(damn, just lost the whole post! New member!)

Hi there,
I need to setup a room with 30 wifi-connected laptops and a small application server (for audio transfers). I'm hoping for your advice and insight.

My basic plan is to setup a router as my primary wifi access point, offering DHCP (and eventually a connection to the Internet). The app-server will be wired to this (static IP), as will a second wifi access point, running on a different channel (use 1 & 11).

I'd then manually connect half the laptops to each wifi access point.

But is that the best way to do it? Are there other techniques to do this?
For example - could a single router offer 2 wifi networks on different channels (like the Airport Extreme does, but both 802.11g)?

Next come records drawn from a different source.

(* Let $G$ be a saturated graph with $mp(G) = k$, and let $H$ be the graph obtained from $G$ by adding a new vertex $v$ adjacent to all vertices of $G$. Then $mp(H) = k+1$ and $H$ is saturated.
   Context: All graphs are finite and simple. A degree monotone path in a graph $G$ is a path $v_1v_2\ldots v_m$ such that $\deg(v_1)\le \cdots\le \deg(v_m)$ or $\deg(v_1)\ge \cdots\ge \deg(v_m)$; its length is its number of vertices. $mp(G)$ denotes the maximum length of a degree monotone path in $G$. A graph $G$ is saturated if $mp(G+e)>mp(G)$ for every pair $e$ of non-adjacent vertices of $G$, where $G+e$ is $G$ with the edge $e$ added. *)

theory Defs
  imports Main
begin

definition simple_graph :: "'a set \<Rightarrow> 'a set set \<Rightarrow> bool" where
  "simple_graph V E \<longleftrightarrow> finite V \<and>
     (\<forall>e\<in>E. \<exists>u w. e = {u, w} \<and> u \<noteq> w \<and> u \<in> V \<and> w \<in> V)"

definition degree :: "'a set \<Rightarrow> 'a set set \<Rightarrow> 'a \<Rightarrow> nat" where
  "degree V E v = card {w \<in> V. {v, w} \<in> E}"

definition is_path :: "'a set \<Rightarrow> 'a set set \<Rightarrow> 'a list \<Rightarrow> bool" where
  "is_path V E xs \<longleftrightarrow> xs \<noteq> [] \<and> distinct xs \<and> set xs \<subseteq> V \<and>
     (\<forall>i. Suc i < length xs \<longrightarrow> {xs ! i, xs ! Suc i} \<in> E)"

definition degree_monotone_path :: "'a set \<Rightarrow> 'a set set \<Rightarrow> 'a list \<Rightarrow> bool" where
  "degree_monotone_path V E xs \<longleftrightarrow> is_path V E xs \<and>
     (sorted (map (degree V E) xs) \<or> sorted (rev (map (degree V E) xs)))"

text \<open>Maximum number of vertices of a degree monotone path (0 for the empty graph).\<close>
definition mp :: "'a set \<Rightarrow> 'a set set \<Rightarrow> nat" where
  "mp V E = Sup (length ` {xs. degree_monotone_path V E xs})"

definition saturated :: "'a set \<Rightarrow> 'a set set \<Rightarrow> bool" where
  "saturated V E \<longleftrightarrow> (\<forall>u\<in>V. \<forall>w\<in>V. u \<noteq> w \<and> {u, w} \<notin> E \<longrightarrow>
      mp V (insert {u, w} E) > mp V E)"

definition add_universal_vertex :: "'a set \<Rightarrow> 'a set set \<Rightarrow> 'a \<Rightarrow> 'a set \<times> 'a set set" where
  "add_universal_vertex V E v = (insert v V, E \<union> {{v, u} | u. u \<in> V})"

end

theory Submission
  imports Defs
begin

text \<open>Adding a universal vertex \<open>v\<close> raises every old degree by one and gives \<open>v\<close> degree \<open>|V|\<close>,
  which exceeds the new degree of no old vertex. Hence appending \<open>v\<close> to a longest nondecreasing path of
  \<open>G\<close> gives a path of \<open>H\<close>, so \<open>mp H \<ge> mp G + 1\<close>. Conversely, on a nondecreasing path of \<open>H\<close>
  through \<open>v\<close>, every vertex after \<open>v\<close> has degree \<open>|V|\<close> in \<open>H\<close>, i.e. is adjacent to all of \<open>G\<close>,
  so \<open>v\<close> can be cut out, giving \<open>mp H \<le> mp G + 1\<close>. Since adding an edge \<open>e\<close> of \<open>G\<close> commutes
  with adding \<open>v\<close>, \<open>mp (H + e) = mp (G + e) + 1 > mp G + 1 = mp H\<close>, so \<open>H\<close> is saturated.\<close>

lemma is_path_iff_successively:
  "is_path V E xs \<longleftrightarrow> xs \<noteq> [] \<and> distinct xs \<and> set xs \<subseteq> V \<and>
     successively (\<lambda>a b. {a, b} \<in> E) xs"
  unfolding is_path_def successively_conv_nth by blast

lemma degree_monotone_path_rev:
  "degree_monotone_path V E xs \<Longrightarrow> degree_monotone_path V E (rev xs)"
  unfolding degree_monotone_path_def is_path_iff_successively
  by (auto simp: rev_map[symmetric] insert_commute)

lemma degree_monotone_path_nondecreasing:
  assumes "degree_monotone_path V E xs"
  obtains ys where "degree_monotone_path V E ys" "sorted (map (degree V E) ys)"
    "length ys = length xs"
proof -
  from assms have "sorted (map (degree V E) xs) \<or> sorted (map (degree V E) (rev xs))"
    unfolding degree_monotone_path_def by (simp add: rev_map)
  then show ?thesis using that assms degree_monotone_path_rev by (metis length_rev)
qed

lemma degree_monotone_path_length_le_card:
  assumes "finite V" "degree_monotone_path V E xs"
  shows "length xs \<le> card V"
proof -
  have "distinct xs" "set xs \<subseteq> V"
    using assms(2) unfolding degree_monotone_path_def is_path_def by auto
  then show ?thesis using assms(1) by (metis card_mono distinct_card)
qed

lemma length_le_mp:
  assumes "finite V" "degree_monotone_path V E xs"
  shows "length xs \<le> mp V E"
proof -
  have "bdd_above (length ` {xs. degree_monotone_path V E xs})"
    using degree_monotone_path_length_le_card[OF assms(1)] by (auto simp: bdd_above_def)
  then show ?thesis unfolding mp_def using assms(2) by (auto intro: cSup_upper)
qed

lemma mp_le:
  assumes "\<And>xs. degree_monotone_path V E xs \<Longrightarrow> length xs \<le> m"
  shows "mp V E \<le> m"
proof (cases "{xs. degree_monotone_path V E xs} = {}")
  case True
  then have "length ` {xs. degree_monotone_path V E xs} = {}" by blast
  then show ?thesis unfolding mp_def by (metis Sup_nat_empty le0)
next
  case False
  then show ?thesis unfolding mp_def using assms by (auto intro: cSup_least)
qed

lemma mp_attained:
  assumes "finite V" "mp V E \<noteq> 0"
  obtains xs where "degree_monotone_path V E xs" "length xs = mp V E"
proof -
  let ?L = "length ` {xs. degree_monotone_path V E xs}"
  have "?L \<noteq> {}" using assms(2) unfolding mp_def by (metis Sup_nat_empty)
  moreover have "finite ?L"
    by (rule finite_subset[of _ "{..card V}"])
      (use degree_monotone_path_length_le_card[OF assms(1)] in auto)
  ultimately have "Sup ?L \<in> ?L" by (simp add: Sup_nat_def)
  then show ?thesis using that unfolding mp_def by auto
qed

context
  fixes V :: "'a set" and E :: "'a set set" and v :: 'a
  assumes simple: "simple_graph V E" and v_new: "v \<notin> V"
begin

abbreviation "EH \<equiv> E \<union> {{v, u} | u. u \<in> V}"

lemma finite_vertices: "finite V"
  using simple unfolding simple_graph_def by auto

lemma neighbours_subset: "u \<in> V \<Longrightarrow> {w \<in> V. {u, w} \<in> E} \<subseteq> V - {u}"
  using simple unfolding simple_graph_def by (fastforce simp: doubleton_eq_iff)

lemma degree_less_card:
  assumes u: "u \<in> V"
  shows "degree V E u < card V"
proof -
  have "degree V E u \<le> card (V - {u})"
    unfolding degree_def using neighbours_subset[OF u] finite_vertices by (simp add: card_mono)
  also have "\<dots> < card V" using card_Diff1_less[OF finite_vertices u] .
  finally show ?thesis .
qed

lemma adjacent_if_degree_maximal:
  assumes u: "u \<in> V" and max: "card V \<le> Suc (degree V E u)" and w: "w \<in> V" "w \<noteq> u"
  shows "{u, w} \<in> E"
proof -
  have "card (V - {u}) \<le> card {w \<in> V. {u, w} \<in> E}"
    using max u finite_vertices unfolding degree_def by simp
  then have "{w \<in> V. {u, w} \<in> E} = V - {u}"
    using neighbours_subset[OF u] finite_vertices by (meson card_seteq finite_Diff)
  then show ?thesis using w by auto
qed

lemma edge_avoiding_universal: "{a, b} \<in> EH \<Longrightarrow> a \<noteq> v \<Longrightarrow> b \<noteq> v \<Longrightarrow> {a, b} \<in> E"
  by (auto simp: doubleton_eq_iff)

lemma degree_universal_old: "u \<in> V \<Longrightarrow> degree (insert v V) EH u = Suc (degree V E u)"
proof -
  assume u: "u \<in> V"
  have "{w \<in> insert v V. {u, w} \<in> EH} = insert v {w \<in> V. {u, w} \<in> E}"
    using u v_new by (auto simp: insert_commute doubleton_eq_iff)
  moreover have "finite {w \<in> V. {u, w} \<in> E}" using finite_vertices by auto
  ultimately show ?thesis unfolding degree_def using v_new by simp
qed

lemma degree_universal_new: "degree (insert v V) EH v = card V"
proof -
  have "{v} \<notin> E" using simple unfolding simple_graph_def by (auto simp: doubleton_eq_iff)
  then have "{w \<in> insert v V. {v, w} \<in> EH} = V" using v_new by auto
  then show ?thesis unfolding degree_def by simp
qed

lemma sorted_degree_universal_iff:
  assumes "set xs \<subseteq> V"
  shows "sorted (map (degree (insert v V) EH) xs) \<longleftrightarrow> sorted (map (degree V E) xs)"
proof -
  have shift: "map (degree (insert v V) EH) xs = map (Suc \<circ> degree V E) xs"
    using assms degree_universal_old by auto
  show ?thesis unfolding shift by (simp add: sorted_map)
qed

lemma successively_avoiding_universal:
  assumes "successively (\<lambda>a b. {a, b} \<in> EH) xs" "v \<notin> set xs"
  shows "successively (\<lambda>a b. {a, b} \<in> E) xs"
  using assms(1) by (rule successively_mono) (use assms(2) edge_avoiding_universal in blast)

lemma degree_monotone_path_avoiding_universal:
  assumes "degree_monotone_path (insert v V) EH xs" "v \<notin> set xs"
  shows "degree_monotone_path V E xs"
proof -
  have "set xs \<subseteq> V" "set (rev xs) \<subseteq> V"
    using assms unfolding degree_monotone_path_def is_path_def by auto
  then show ?thesis
    using assms successively_avoiding_universal sorted_degree_universal_iff
    unfolding degree_monotone_path_def is_path_iff_successively by (auto simp: rev_map)
qed

text \<open>The vertex after \<open>v\<close> has degree at least that of \<open>v\<close>, so it is adjacent to the vertex
  before \<open>v\<close>.\<close>
lemma degree_monotone_path_cut_universal:
  assumes path: "degree_monotone_path (insert v V) EH (ys @ v # zs)"
    and sorted: "sorted (map (degree (insert v V) EH) (ys @ v # zs))"
    and nonempty: "ys @ zs \<noteq> []"
  shows "degree_monotone_path V E (ys @ zs)"
proof -
  have distinct: "distinct (ys @ zs)" "v \<notin> set ys" "v \<notin> set zs"
    and sub: "set (ys @ zs) \<subseteq> V"
    and edges: "successively (\<lambda>a b. {a, b} \<in> EH) ys"
      "successively (\<lambda>a b. {a, b} \<in> EH) zs"
    using path unfolding degree_monotone_path_def is_path_iff_successively
    by (auto simp: successively_append_iff successively_Cons)
  have junction: "{last ys, hd zs} \<in> E" if "ys \<noteq> []" "zs \<noteq> []"
  proof -
    have in_lists: "hd zs \<in> set zs" "last ys \<in> set ys" using that by auto
    then have "degree (insert v V) EH v \<le> degree (insert v V) EH (hd zs)"
      using sorted by (simp add: sorted_append)
    then have "card V \<le> Suc (degree V E (hd zs))"
      using degree_universal_new degree_universal_old in_lists sub by auto
    moreover have "last ys \<noteq> hd zs" using distinct(1) in_lists by auto
    ultimately have "{hd zs, last ys} \<in> E"
      using adjacent_if_degree_maximal in_lists sub by auto
    then show ?thesis by (simp add: insert_commute)
  qed
  have "successively (\<lambda>a b. {a, b} \<in> E) (ys @ zs)"
    using successively_avoiding_universal[OF edges(1) distinct(2)]
      successively_avoiding_universal[OF edges(2) distinct(3)] junction
    by (auto simp: successively_append_iff)
  moreover have "sorted (map (degree V E) (ys @ zs))"
    using sorted sorted_degree_universal_iff[OF sub] by (simp add: sorted_append)
  ultimately show ?thesis
    using nonempty distinct sub unfolding degree_monotone_path_def is_path_iff_successively by auto
qed

lemma mp_universal_ge: "Suc (mp V E) \<le> mp (insert v V) EH"
proof (cases "mp V E = 0")
  case True
  have "degree_monotone_path (insert v V) EH [v]"
    unfolding degree_monotone_path_def is_path_def by auto
  then show ?thesis using length_le_mp[of "insert v V" EH "[v]"] finite_vertices True by simp
next
  case False
  obtain xs where xs: "degree_monotone_path V E xs" "length xs = mp V E"
    using mp_attained[OF finite_vertices False] by blast
  obtain ys where ys: "degree_monotone_path V E ys" "sorted (map (degree V E) ys)"
    "length ys = length xs" by (rule degree_monotone_path_nondecreasing[OF xs(1)])
  have ys_path: "ys \<noteq> []" "distinct ys" "set ys \<subseteq> V" "successively (\<lambda>a b. {a, b} \<in> E) ys"
    using ys(1) unfolding degree_monotone_path_def is_path_iff_successively by auto
  have "last ys \<in> V" using ys_path(1,3) by auto
  then have "{v, last ys} \<in> EH" by blast
  then have "{last ys, v} \<in> EH" by (simp add: insert_commute)
  moreover have "successively (\<lambda>a b. {a, b} \<in> EH) ys"
    using ys_path(4) by (rule successively_mono) auto
  ultimately have "successively (\<lambda>a b. {a, b} \<in> EH) (ys @ [v])"
    using ys_path(1) by (simp add: successively_append_iff)
  moreover have "sorted (map (degree (insert v V) EH) (ys @ [v]))"
    using ys(2) ys_path(3) degree_less_card
    by (auto simp: sorted_append sorted_degree_universal_iff[OF ys_path(3)]
        degree_universal_old degree_universal_new Suc_le_eq)
  ultimately have "degree_monotone_path (insert v V) EH (ys @ [v])"
    using ys_path v_new unfolding degree_monotone_path_def is_path_iff_successively by auto
  then have "length (ys @ [v]) \<le> mp (insert v V) EH" using finite_vertices by (intro length_le_mp) auto
  then show ?thesis using ys(3) xs(2) by simp
qed

lemma mp_universal_le: "mp (insert v V) EH \<le> Suc (mp V E)"
proof (rule mp_le)
  fix xs0 assume "degree_monotone_path (insert v V) EH xs0"
  then obtain xs where xs: "degree_monotone_path (insert v V) EH xs"
    "sorted (map (degree (insert v V) EH) xs)" "length xs = length xs0"
    by (rule degree_monotone_path_nondecreasing)
  show "length xs0 \<le> Suc (mp V E)"
  proof (cases "v \<in> set xs")
    case False
    then have "length xs \<le> mp V E"
      using xs degree_monotone_path_avoiding_universal length_le_mp[OF finite_vertices] by blast
    then show ?thesis using xs(3) by simp
  next
    case True
    then obtain ys zs where split: "xs = ys @ v # zs" by (meson split_list)
    show ?thesis
    proof (cases "ys @ zs = []")
      case True
      then show ?thesis using split xs(3) by simp
    next
      case False
      then have "length (ys @ zs) \<le> mp V E"
        using xs split degree_monotone_path_cut_universal length_le_mp[OF finite_vertices] by blast
      then show ?thesis using split xs(3) by simp
    qed
  qed
qed

lemma mp_universal: "mp (insert v V) EH = Suc (mp V E)"
  using mp_universal_ge mp_universal_le by simp

end

lemma saturated_universal:
  assumes simple: "simple_graph V E" and sat: "saturated V E" and v_new: "v \<notin> V"
  shows "saturated (insert v V) (E \<union> {{v, u} | u. u \<in> V})"
  unfolding saturated_def
proof (intro ballI impI)
  fix u w assume "u \<in> insert v V" "w \<in> insert v V"
    and non_edge: "u \<noteq> w \<and> {u, w} \<notin> E \<union> {{v, u} | u. u \<in> V}"
  then have uw: "u \<in> V" "w \<in> V" by (auto simp: insert_commute)
  have simple_plus_edge: "simple_graph V (insert {u, w} E)"
    using simple uw non_edge unfolding simple_graph_def by auto
  have "insert {u, w} (E \<union> {{v, u} | u. u \<in> V}) =
      insert {u, w} E \<union> {{v, u} | u. u \<in> V}" by auto
  then have "mp (insert v V) (insert {u, w} (E \<union> {{v, u} | u. u \<in> V}))
      = Suc (mp V (insert {u, w} E))"
    using mp_universal[OF simple_plus_edge v_new] by simp
  moreover have "mp V (insert {u, w} E) > mp V E"
    using sat uw non_edge unfolding saturated_def by auto
  ultimately show "mp (insert v V) (insert {u, w} (E \<union> {{v, u} | u. u \<in> V}))
      > mp (insert v V) (E \<union> {{v, u} | u. u \<in> V})"
    using mp_universal[OF simple v_new] by simp
qed

theorem lemma2p6:
  fixes V :: "'a set" and E :: "'a set set" and v :: 'a and k :: nat
  assumes "simple_graph V E"
    and "saturated V E"
    and "mp V E = k"
    and "v \<notin> V"
  shows "mp (fst (add_universal_vertex V E v)) (snd (add_universal_vertex V E v)) = k + 1
       \<and> saturated (fst (add_universal_vertex V E v)) (snd (add_universal_vertex V E v))"
  using mp_universal[OF assms(1,4)] saturated_universal[OF assms(1,2,4)] assms(3)
  unfolding add_universal_vertex_def by simp

end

Are 2 access points enough?
Are there any brands of access points that will do this particularly well?
Your insight is much appreciated!

In my experience you cant really pick an AP if they're using the same SSID. A single router (assuming its a soho brand like linksys) running 30 clients would be slow and unstable. You might be able to setup the second one using a different SSID and channel, but don't do NAT on it, that way DHCP can be forwarded through it.

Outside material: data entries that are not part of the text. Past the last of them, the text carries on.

lemma eq_scalar_power_group: "G = scalar_power_group (card scalar_group) coroot_order"
proof (intro equalityI subsetI)
  fix t assume t: "t \<in> G"
  have "(hval t 0 ^ coroot_order) ^ card scalar_group = 1"
    using t scalar_group_eq by (auto simp: scalar_group_def)
  moreover have "t $ i ^ coroot_order = hval t 0 ^ coroot_order" if "i < 3" for i
    using hval_pow_coroot_order_eq[OF t, of i] that by (simp add: hval_def)
  ultimately show "t \<in> scalar_power_group (card scalar_group) coroot_order"
    using mem_carrier[OF t] by (auto simp: scalar_power_group_def)
next
  fix t assume "t \<in> scalar_power_group (card scalar_group) coroot_order"
  then obtain e where tc: "t \<in> T1_carrier" and e: "e ^ card scalar_group = 1"
    and te: "\<And>i. i < 3 \<Longrightarrow> t $ i ^ coroot_order = e"
    by (auto simp: scalar_power_group_def)
  obtain s where s: "s \<in> G" "e = hval s 0 ^ coroot_order"
    using e scalar_group_eq by (auto simp: scalar_group_def)
  have sc: "s \<in> T1_carrier" using mem_carrier[OF s(1)] .
  \<comment> \<open>t and s have the same m-th powers, so t differs from s by an m-torsion point.\<close>
  have "t \<otimes>\<^bsub>T1\<^esub> inv\<^bsub>T1\<^esub> s \<in> G"
  proof (rule torsion_mem)
    show "t \<otimes>\<^bsub>T1\<^esub> inv\<^bsub>T1\<^esub> s \<in> T1_carrier"
      using T1.m_closed[OF _ T1.inv_closed, of t s] tc sc by simp
    fix i :: nat assume i: "i < 3"
    have "s $ i ^ coroot_order = e"
      using hval_pow_coroot_order_eq[OF s(1), of i] i s(2) by (simp add: hval_def)
    moreover have "s $ i \<noteq> 0" using sc i by (simp add: T1_carrier_def)
    ultimately have "e \<noteq> 0" by auto
    then show "(t \<otimes>\<^bsub>T1\<^esub> inv\<^bsub>T1\<^esub> s) $ i ^ coroot_order = 1"
      using i te[OF i] \<open>s $ i ^ coroot_order = e\<close>
      by (simp add: T1_mult T1_inv[OF sc] power_mult_distrib power_inverse)
  qed
  then show "t \<in> G"
    using mem_if_mult_mem inv_mem[OF s(1)] tc by blast
qed

end

theorem corollary7p2:
  fixes W :: "int mat set" and G :: "complex vec set"
  assumes W_sub: "W \<subseteq> W1"
    and W_sup: "W1A \<subseteq> W"
    and W_mult: "\<forall>A\<in>W. \<forall>B\<in>W. A * B \<in> W"
    and W_inv: "\<forall>A\<in>W. \<exists>B\<in>W. A * B = 1\<^sub>m 3"
    and G_sub: "subgroup G T1"
    and G_fin: "finite G"
    and G_inv: "\<forall>A\<in>W. \<forall>t\<in>G. T1_act A t \<in> G"
  shows "\<exists>n::nat.
           (T1\<lparr>carrier := G\<rparr> \<cong> mu n \<times>\<times> mu n \<times>\<times> mu n)
         \<or> (even n \<and> T1\<lparr>carrier := G\<rparr> \<cong> mu n \<times>\<times> mu n \<times>\<times> mu (n div 2))
         \<or> (even n \<and> T1\<lparr>carrier := G\<rparr> \<cong> mu n \<times>\<times> mu (n div 2) \<times>\<times> mu (n div 2))
         \<or> (4 dvd n \<and> T1\<lparr>carrier := G\<rparr> \<cong> mu n \<times>\<times> mu (n div 2) \<times>\<times> mu (n div 4))
         \<or> (4 dvd n \<and> T1\<lparr>carrier := G\<rparr> \<cong> mu n \<times>\<times> mu (n div 4) \<times>\<times> mu (n div 4))"
proof -
  have "A4_invariant_subgroup G"
  proof (rule A4_invariant_subgroup.intro[OF G_sub])
    show "T1_act (perm_mat g) t \<in> G" if "g permutes {0..<4}" "evenperm g" "t \<in> G" for g t
      using W_sup G_inv that by (auto simp: W1A_def)
  qed
  then interpret finite_A4_invariant_subgroup G
    using G_fin by (simp add: finite_A4_invariant_subgroup_def finite_A4_invariant_subgroup_axioms_def)
  let ?k = "card scalar_group" and ?m = coroot_order
  have iso: "T1\<lparr>carrier := G\<rparr> \<cong> mu (?k * ?m) \<times>\<times> mu ?m \<times>\<times> mu ?m"
    using scalar_power_group_iso[OF card_scalar_group_pos coroot_order_pos] eq_scalar_power_group
    by simp
  have "?k \<in> {1, 2, 3, 4}"
    using dvd_imp_le[OF card_scalar_group_dvd_4] card_scalar_group_pos by auto
  then have "?k = 1 \<or> ?k = 2 \<or> ?k = 4"
    using card_scalar_group_dvd_4 by auto
  then show ?thesis
  proof (elim disjE)
    assume "?k = 1" then show ?thesis using iso by (intro exI[of _ ?m]) simp
  next
    assume "?k = 2" then show ?thesis using iso by (intro exI[of _ "2 * ?m"]) simp
  next
    assume "?k = 4" then show ?thesis using iso by (intro exI[of _ "4 * ?m"]) simp
  qed
qed

end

As for brands, well if you can get say a wrt54g linksys and flash it with dd-wrt, you'll have lots of configurability

You mentioned audio in your OP. If 30 laptops are going to connect to a single app server over WiFi on 2 APs, you'll either have to limit the bandwidth to each wireless client that connects, or add another 5 or 6 APs to your network to handle the load. If you spread the APs out around the room and decrease the power output (on the AP), you'll be able to "force" a limited number of clients in the immediate vicinity to connect to the nearest AP, thereby creating a kind of "managed" wireless network. If the laptops start moving around the room, then that'll defeat the purpose of what I just described.